Smartphones have quite literally placed the world at our fingertips. Hence, channelising technological interventions naturally comes up in any discussion on scale and efficiency of public health work as well. A somewhat new entrant to this discussion is Artificial Intelligence (or AI), which could have a positive impact on the Indian healthcare scenario, which faces an acute shortage of human resources, variable accessibility of health services, and rising Out Of Pocket (OOP) expenditure for patients. Some tout AI as the tool required to take healthcare away from a reactive system onto a preventive one. However, a closer look at the application of AI in healthcare shows that at present its use is limited to clinical settings that are more sophisticated and less accessible.
In India, tertiary and secondary care units consisting of specialised services and advanced diagnostics are easily distinguishable from Primary Healthcare Centres (PHCs). These centres and their extended arms, the Community Health Workers (CHWs), are the cornerstone of last mile service delivery and serve as the first level of contact between the health system and patients. However PHCs are understaffed, with insufficiently-trained CHWs and retrofitted with inadequate infrastructure.
The closest that technology has gotten to addressing these challenges is to equip CHWs with tablets and apps that help them collect data for district, State and national level analysis, but don’t serve to streamline work.

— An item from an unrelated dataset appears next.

(* Let $\mathcal{O}$ be any finite set of regular control flow operations (possibly including the operations of GKAT: if-then-else, sequential composition, while-do). Then there exists $k>0$ such that the guarded language $L_k$ is not generated by $\mathcal{O}$.
   Context: Guarded strings and languages. For finite sets $T$ (primitive tests) and $\Sigma$ (primitive actions), the Boolean expressions $\mathsf{BA}(T)$ are generated by $b ::= \mathsf{false}\mid\mathsf{true}\mid t\ (t\in T)\mid b\vee c\mid b\wedge c\mid \overline{b}$. Atoms are $\mathsf{At}_T=2^T$; for $\alpha\in\mathsf{At}_T$, $\alpha\le b$ means $b$ is true under the truth assignment making exactly the tests in $\alpha$ true. KAT expressions $\mathsf{KAT}(\Sigma,T)$: $e::= b\in\mathsf{BA}(T)\mid p\in\Sigma\mid e+f\mid e\cdot f\mid e^*$. A guarded string is a word in $\mathsf{At}_T(\Sigma\,\mathsf{At}_T)^*$; a guarded language is a set of guarded strings. If $w=w'\alpha$ and $x=\alpha x'$, then $w\diamond x=w'\alpha x'$; for guarded languages, $L\diamond K=\{w\diamond x: w\in L,x\in K, w\diamond x\text{ defined}\}$, $L^{(0)}=\mathsf{At}_T$, $L^{(n+1)}=L\diamond L^{(n)}$, $L^{( * )}=\bigcup_n L^{(n)}$. The language of a KAT expression: $L(b)=\{\alpha:\alpha\le b\}$, $L(p)=\{\alpha p\beta:\alpha,\beta\in\mathsf{At}_T\}$, $L(e+f)=L(e)\cup L(f)$, $L(ef)=L(e)\diamond L(f)$, $L(e^* )=L(e)^{( * )}$. $\mathcal{G}(\Sigma,T)$ denotes the set of guarded languages that are regular (as languages over the finite alphabet $\mathsf{At}_T\cup\Sigma$). A guarded language $L$ is deterministic if for all distinct $w,w'\in L$: (i) $w$ is not a proper prefix of $w'$, and (ii) the first position where $w$ and $w'$ differ is an atom. Substitution. Given maps $\mathfrak{s}:\Sigma_0\to\mathcal{G}(\Sigma_1,T_1)$ and $\mathfrak{t}:T_0\to\mathsf{BA}(T_1)$: an atom $\beta\in\mathsf{At}_{T_1}$ is $\mathfrak{t}$-consistent with $\alpha\in\mathsf{At}_{T_0}$ if for all $t\in T_0$, $\alpha\le t$ iff $\beta\le\mathfrak{t}(t)$. For $L$ over $(\Sigma_0,T_0)$, $\mathrm{apply}_{\mathfrak{t}}(L)$ is the set of $\beta_0p_0\beta_1\cdots p_{n-1}\beta_n$ such that some $\alpha_0p_0\alpha_1\cdots p_{n-1}\alpha_n\in L$ has each $\beta_i$ $\mathfrak{t}$-consistent with $\alpha_i$. For $L$ over $(\Sigma_0,T_1)$, $\mathrm{apply}^{\mathfrak{s}}(L)$ is the set of all $\alpha_0\diamond w_0\diamond\alpha_1\diamond\cdots\diamond w_{n-1}\diamond\alpha_n$ with $\alpha_0p_0\alpha_1\cdots p_{n-1}\alpha_n\in L$ and $w_i\in\mathfrak{s}(p_i)$. Put $\mathrm{apply}^{\mathfrak{s}}_{\mathfrak{t}}=\mathrm{apply}^{\mathfrak{s}}\circ\mathrm{apply}_{\mathfrak{t}}$. Regular control flow operations. For $e\in\mathsf{KAT}(\{x_1,\dots,x_n\},\{y_1,\dots,y_m\})$, $O_e$ is the $(n+m)$-ary operation which, for any finite $\Sigma,T$, takes $L_1,\dots,L_n\in\mathcal{G}(\Sigma,T)$ and $b_1,\dots,b_m\in\mathsf{BA}(T)$ and returns $\mathrm{apply}^{\mathfrak{s}}_{\mathfrak{t}}(L(e))$ where $\mathfrak{s}(x_i)=L_i$, $\mathfrak{t}(y_i)=b_i$. If $L(e)$ is deterministic, $O_e$ is called a (deterministic) regular control flow operation. A set $\mathcal{O}$ of such operations generates $L\in\mathcal{G}(\Sigma,T)$ if $L$ belongs to the smallest set of guarded languages containing $L(p)$ for all $p\in\Sigma$ and $L(b)$ for all $b\in\mathsf{BA}(T)$ and closed under: if $O_e\in\mathcal{O}$ has $n$ language and $m$ test parameters, $L_1,\dots,L_n$ are in the set and $b_1,\dots,b_m\in\mathsf{BA}(T)$, then $O_e(L_1,\dots,L_n,b_1,\dots,b_m)$ is in the set. The language $L_k$ ($k>0$): $T=\{t_1,\dots,t_k\}$, $\Sigma=\{p_1,\dots,p_k\}$, $\alpha_i=\{t_i\}\in\mathsf{At}_T$. $L_k$ consists of all guarded strings $\alpha_{i_1}\,p_1\,\alpha_{i_2}\,p_{i_1}\,\alpha_{i_3}\,p_{i_2}\cdots\alpha_{i_n}\,p_{i_{n-1}}\,\alpha_{i_n}$ with $n\ge1$, each $i_j\in\{1,\dots,k\}$, $i_1\ne1$, and $i_j\ne i_{j+1}$ for all $j<n$ (i.e. the $j$-th atom $\alpha_{i_j}$, $j\le n$, is followed by action $p_{i_{j-1}}$ with $i_0=1$, and the string ends with the atom $\alpha_{i_n}$ repeated). *)

theory Defs
  imports Main
begin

However, most AI investments in healthcare are limited to the higher-end tertiary care units. AI startups deal with niche areas like regenerative medicine, radiology-based diagnostics, advanced screening and testing and so on. The more widely used AI solutions involve the use of Natural Language Processing (NLP) chatbots to connect urban patients with doctors. Other than this, AI is being used for expediting clinical trials and drug discovery. However, none of these solutions is rapidly transforming primary health systems.
Besides the predictive and classification functions that AI can perform through machine learning, AI has imaging, identification and screening abilities, natural language processing and speech recognition.
Many of these abilities can be leveraged for primary health too. For example there are AI birth weight measurement tools, AI-powered heat mapping to screen for breast cancer. However, while the former is still in development, the latter has faced hurdles in truly injecting itself into public health.
There are still many CHW and PHC functions that can be made more effective using AI. For instance, PHCs perform routine laboratory tests for haemoglobin screening, urine testing, blood grouping for expectant mothers — many of which can be prime use cases for AI solutions for the frontline. Moreover, now the Government aims to upgrade PHCs to Health and Wellness Centres (HWCs) with an expanded mandate of screening for non-communicable diseases like cancer, diabetes, cardiovascular ailments as well. Traditional methods of testing require expensive equipment and specialist human technicians, yet are unable to be highly accurate. This is an open sesame for many AI innovators to develop quicker technology- enabled ways of testing and screening.
A recurrent woe at the frontlines is the demand for enhanced efficiency and AI could potentially be the answer here. Effective triage tools like Babylon, rolled out by the UK’s National Health Service, can help streamline referrals and optimise the use of the limited human resources on cases that most require their attention. Chatbots can help solve superfluous or simple queries and refer most urgent cases first. Similarly, studying existing patterns of dropouts from care management and developing predictions for patients at highest risk of dropouts can perhaps take us further on the quest for adherence management in areas like TB, antenatal care and HIV.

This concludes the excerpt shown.